Many of the actual dance pieces, particularly in the first section, are common in English country dance tunes of the seventeenth and eighteenth century, with some showing up in French and Spanish sources.

But this document shows these common dance tunes were also present in the repertoire of the Mexican dance musicians that the dance master would have had to call on to accompany him in presenting these dances. Which implies that the pieces would have been familiar to the dance musicians accompanying the Juan Bautista de Anza expedition in 1775 from Mexico to Alta California.

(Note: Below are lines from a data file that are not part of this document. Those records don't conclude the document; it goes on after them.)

lemma doubled_E8_root_candidates:
  assumes u: "doubled_E8 u" and norm: "list_inner u u = 8"
  shows "u \<in> set (square_sum_lists 8 8 [-2, 0, 2] @ square_sum_lists 8 8 [-1, 1])"
proof -
  have bound: "\<bar>a\<bar> \<le> 2" if "a \<in> set u" for a
  proof (rule ccontr)
    assume "\<not> \<bar>a\<bar> \<le> 2"
    then have "3 * 3 \<le> \<bar>a\<bar> * \<bar>a\<bar>"
      by (intro mult_mono) auto
    then show False
      using square_le_list_inner_self [OF that] norm by (simp add: abs_mult_self_eq)
  qed
  from u consider "list_all even u" | "list_all odd u"
    by (auto simp: doubled_E8_def)
  then show ?thesis
  proof cases
    case 1
    have "a \<in> set [-2, 0, 2]" if "a \<in> set u" for a
    proof -
      have "even a" "\<bar>a\<bar> \<le> 2"
        using 1 bound that by (auto simp: list_all_iff)
      then show ?thesis
        by (simp add: abs_le_iff) presburger
    qed
    then have "set u \<subseteq> set [-2, 0, 2]"
      by blast
    then show ?thesis
      using u norm by (simp add: in_square_sum_lists doubled_E8_def)
  next
    case 2
    have "a \<in> set [-1, 1]" if "a \<in> set u" for a
    proof -
      have "odd a" "\<bar>a\<bar> \<le> 2"
        using 2 bound that by (auto simp: list_all_iff)
      then show ?thesis
        by (simp add: abs_le_iff) presburger
    qed
    then have "set u \<subseteq> set [-1, 1]"
      by blast
    then show ?thesis
      using u norm by (simp add: in_square_sum_lists doubled_E8_def)
  qed
qed

section \<open>The fifteen frames\<close>

definition pair_root :: "nat \<Rightarrow> nat \<Rightarrow> int \<Rightarrow> int list" where
  "pair_root i j s = map (\<lambda>k. if k = i then 2 else if k = j then 2 * s else 0) [0..<8]"

definition pair_frame_basis :: "nat \<Rightarrow> int list list" where
  "pair_frame_basis c = concat (map (\<lambda>i. [pair_root i (xor i c) 1, pair_root i (xor i c) (-1)])
     (filter (\<lambda>i. i < xor i c) [0..<8]))"

fun sylvester_hadamard :: "nat \<Rightarrow> int list list" where
  "sylvester_hadamard 0 = [[1]]"
| "sylvester_hadamard (Suc n) =
    map (\<lambda>r. r @ r) (sylvester_hadamard n) @ map (\<lambda>r. r @ map uminus r) (sylvester_hadamard n)"

(* The sign patterns (-1)^q(k), k in F_2^3 written in binary, for q in the span of k0 k1, k0 k2 and
  k1 k2: representatives of the cosets of the first-order Reed-Muller code in the even sign
  vectors. *)
definition coset_signs :: "int list list" where
  "coset_signs =
    [[1, 1, 1,  1, 1,  1,  1,  1], [1, 1, 1, -1, 1,  1,  1, -1],
     [1, 1, 1,  1, 1, -1,  1, -1], [1, 1, 1, -1, 1, -1,  1,  1],
     [1, 1, 1,  1, 1,  1, -1, -1], [1, 1, 1, -1, 1,  1, -1,  1],
     [1, 1, 1,  1, 1, -1, -1,  1], [1, 1, 1, -1, 1, -1, -1, -1]]"

definition frame_bases :: "int list list list" where
  "frame_bases = map pair_frame_basis [1..<8] @
     map (\<lambda>\<sigma>. map (map2 (*) \<sigma>) (sylvester_hadamard 3)) coset_signs"

definition signed_basis :: "int list list \<Rightarrow> int list list" where
  "signed_basis B = B @ map (map uminus) B"

(* For +-2 e_i +- 2 e_j this is (i xor j) - 1. For an odd vector it reads off the coefficients of
  k0 k1, k0 k2 and k1 k2 in the algebraic normal form of its sign pattern, which determine its
  Reed-Muller coset. *)
definition frame_index :: "int list \<Rightarrow> nat" where
  "frame_index u =
    (if even (u ! 0) then
       (let S = filter (\<lambda>k. u ! k \<noteq> 0) [0..<8] in xor (S ! 0) (S ! 1) - 1)
     else
       (let \<epsilon> = (\<lambda>k. if u ! k < 0 then 1 else 0 :: nat);
            q = (\<lambda>a b c d. (\<epsilon> a + \<epsilon> b + \<epsilon> c + \<epsilon> d) mod 2)
        in 7 + q 0 1 2 3 + 2 * q 0 1 4 5 + 4 * q 0 2 4 6))"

Father Pedro Font, who accompanied that expedition, related in his journal how those musicians played for dances held in the evenings during that journey, lamenting that they did not invite him to play along on his psaltry.

The Joseph María García Manuscript document has two distinct sections. The first section has one tune transcribed per page, numbered sequentially from 1 to 168. This section compriseS Volume 1 of the current publication.

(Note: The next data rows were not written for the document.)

text \<open>r and t lie in the class other than that of s; a neighbour y of s in the class of r
  would, wherever it sits relative to r and t, be adjacent to r or t or form a triangle with them.\<close>

lemma crossed_neighbour_class:
  assumes y: "(s, y) \<in> E"
  shows "c y = c s"
proof -
  have rV: "r \<in> V" and tV: "t \<in> V" and yV: "y \<in> V"
    using edge_in_V crossing(1) y by auto
  have "c r \<noteq> c s" "c t \<noteq> c s"
    using consistentD[OF rV s tV crossing(2,3,1)] non_adjacent edge_sym by metis+
  then have crt: "c r = c t"
    using class_eq_if_both_differ[OF s rV tV] by metis
  have "y \<noteq> r" "y \<noteq> t"
    using y non_adjacent by auto
  then have "\<sigma> y \<noteq> \<sigma> r" "\<sigma> y \<noteq> \<sigma> t"
    using inj yV rV tV by (meson inj_on_contraD)+
  then consider "\<sigma> y < \<sigma> r" | "\<sigma> r < \<sigma> y" "\<sigma> y < \<sigma> t" | "\<sigma> t < \<sigma> y"
    by linarith
  then have "c y \<noteq> c r"
  proof cases
    case 1
    then show ?thesis
      using consistentD(1)[OF yV rV s _ crossing(2)] y edge_sym non_adjacent(1) by metis
  next
    case 2
    show ?thesis
    proof
      assume "c y = c r"
      then have "(y, t) \<in> E" "(r, y) \<in> E"
        using consistentD[OF rV yV tV 2 crossing(1)] crt by auto
      with crossing(1) show False
        using triangle_free edge_sym by blast
    qed
  next
    case 3
    then show ?thesis
      using consistentD(2)[OF s tV yV crossing(3) _ y] non_adjacent(2) crt by metis
  qed
  with \<open>c r \<noteq> c s\<close> show ?thesis
    using class_eq_if_both_differ[OF rV yV s] by metis
qed

lemma crossed_same_side_adjacent:
  assumes a: "(s, a) \<in> E" and b: "(s, b) \<in> E"
    and "\<sigma> a < \<sigma> b" "(\<sigma> s < \<sigma> a) = (\<sigma> s < \<sigma> b)"
  shows "(a, b) \<in> E"
proof -
  have aV: "a \<in> V" and bV: "b \<in> V"
    using a b edge_in_V by auto
  show ?thesis
  proof (cases "\<sigma> s < \<sigma> a")
    case True
    then show ?thesis
      using consistentD(1)[OF s aV bV True assms(3) b] crossed_neighbour_class[OF a] by simp
  next
    case False
    with assms(4) neighbour_order_ne[OF a] neighbour_order_ne[OF b]
    have "\<sigma> b < \<sigma> s"
      by linarith
    then show ?thesis
      using consistentD(2)[OF aV bV s assms(3) _ edge_sym[OF a]] crossed_neighbour_class[OF b] by simp
  qed
qed

lemma crossed_one_neighbour_each_side:
  assumes "(s, y1) \<in> E" "(s, y2) \<in> E" "(\<sigma> s < \<sigma> y1) = (\<sigma> s < \<sigma> y2)"
  shows "y1 = y2"
proof (rule ccontr)
  assume "y1 \<noteq> y2"
  with assms(1,2) have "\<sigma> y1 \<noteq> \<sigma> y2"
    using inj edge_in_V by (meson inj_on_contraD)
  then consider "\<sigma> y1 < \<sigma> y2" | "\<sigma> y2 < \<sigma> y1"
    by linarith
  then have "(y1, y2) \<in> E"
    by cases (use crossed_same_side_adjacent assms edge_sym in metis)+
  with assms(1,2) show False
    using triangle_free edge_sym by blast
qed

lemma crossed_degree_le_2: "degree E s \<le> 2"
proof -
  let ?above = "{y. (s, y) \<in> E \<and> \<sigma> s < \<sigma> y}" and ?below = "{y. (s, y) \<in> E \<and> \<not> \<sigma> s < \<sigma> y}"
  have "card ?above \<le> 1" "card ?below \<le> 1"
    using crossed_one_neighbour_each_side
    by (cases "finite ?above"; cases "finite ?below"; simp add: card_le_Suc0_iff_eq)+
  then have "card (?above \<union> ?below) \<le> 2"
    using card_Un_le[of ?above ?below] by linarith
  moreover have "?above \<union> ?below = {y. (s, y) \<in> E}"
    by blast
  ultimately show ?thesis
    by (simp add: degree_def)
qed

At the bottom of page 168 in the manuscript, the transcriber has written: “168 contradanzas: y siguen piezas de Danza, y minues, y otras cosas.” [This makes 168 contradances: and following here are ball dance pieces, minuets, and other things.]

At this point the page numbering also changes, and where there has been one piece per page for 168 pages, the next page is numbered 69, and from here on the consecutive numbers are shown only every other page, that is, where there is a new sheet of paper. And there are multiple pieces on most of the pages.

And the nature of the pieces changes (with some duplication between the sections) from the type of piece that still flourishes in the folk dance community, to the grand ball dances and pieces associated with composed dance tunes used in the theatre, opera and ballet. These are the pieces presented in this Volume 2.

Following the convention established by John Warren and Eric Greening, I have designated this second page 69 as 169 (to distinguish it from the contradanza #69). The front of the page is 169A, while the back is 169B. I will follow this convention for the rest of the manuscript, designating multiple pieces on the same page as #1, #2, etcetera.

In Volume 1, I had great luck finding period references and sources for a large number of the tunes, which are included in footnotes throughout.

I haven’t had near that success for Volume 2. There are sources for a small portion of the pieces, but the minuets have been particularly difficult to document in other period sources.

Which doesn’t mean those references aren’t out there somewhere, but rather that there are still more research opportunities available to energetic persons so inclined.

If you are such a person and you find such references, I would be delighted to team up with you to get those references attached to these pieces.

And thank you all for your support of this project!